Goal of the exercise » Every line in the data below that includes "small" belongs in the answer, copied as it stands.

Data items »
──────

lemma LSG_empty_if_uniform_quotients:
  assumes comult: "comultiplication_module R M"
    and S1: "S1 \<in> MinSub R M" and S2: "S2 \<in> MinSub R M" and "S1 \<noteq> S2"
    and uniform1: "uniform_module R (quot_module R M S1)"
    and uniform2: "uniform_module R (quot_module R M S2)"
  shows "LSG_empty R M"
  unfolding LSG_empty_def
proof (intro allI notI)
  fix N K assume "LSG_adj R M N K"
  then have "N \<in> LSG_vertices R M" "K \<in> LSG_vertices R M" "N \<noteq> K"
    and small: "\<not> large_submodule R M (N <+>\<^bsub>M\<^esub> K)"
    by (auto simp: LSG_adj_def)
  then have "N <+>\<^bsub>M\<^esub> K = S1 <+>\<^bsub>M\<^esub> S2"
    using LSG_vertex_MinSub_cases[OF comult S1 S2 \<open>S1 \<noteq> S2\<close> uniform1 uniform2]
      set_add_commute[OF submodule_subset[OF MinSubD(1)[OF S1]] submodule_subset[OF MinSubD(1)[OF S2]]]
    by blast
  then show False
    using small large_submodule_MinSub_sum[OF comult S1 S2 \<open>S1 \<noteq> S2\<close> uniform1] by simp
qed

end

theorem theorem2p5:
  fixes R :: "'a ring" and M :: "('a, 'b) module"
  assumes "module R M"
    and "carrier M \<noteq> {\<zero>\<^bsub>M\<^esub>}"
    and "comultiplication_module R M"
    and "LSG_nonnull R M"
  shows "LSG_empty R M \<longleftrightarrow>
    (\<exists>S1 S2. MinSub R M = {S1, S2} \<and> S1 \<noteq> S2 \<and>
       finitely_cogenerated R (quot_module R M S1) \<and> uniform_module R (quot_module R M S1) \<and>
       finitely_cogenerated R (quot_module R M S2) \<and> uniform_module R (quot_module R M S2))"
proof -
  interpret module R M by fact
  show ?thesis
    using LSG_empty_imp_MinSub_pair[OF assms(3,4)]
    by (auto intro: LSG_empty_if_uniform_quotients[OF assms(3)])
qed

end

──────

Response below »
    and small: "\<not> large_submodule R M (N <+>\<^bsub>M\<^esub> K)"
    using small large_submodule_MinSub_sum[OF comult S1 S2 \<open>S1 \<noteq> S2\<close> uniform1] by simp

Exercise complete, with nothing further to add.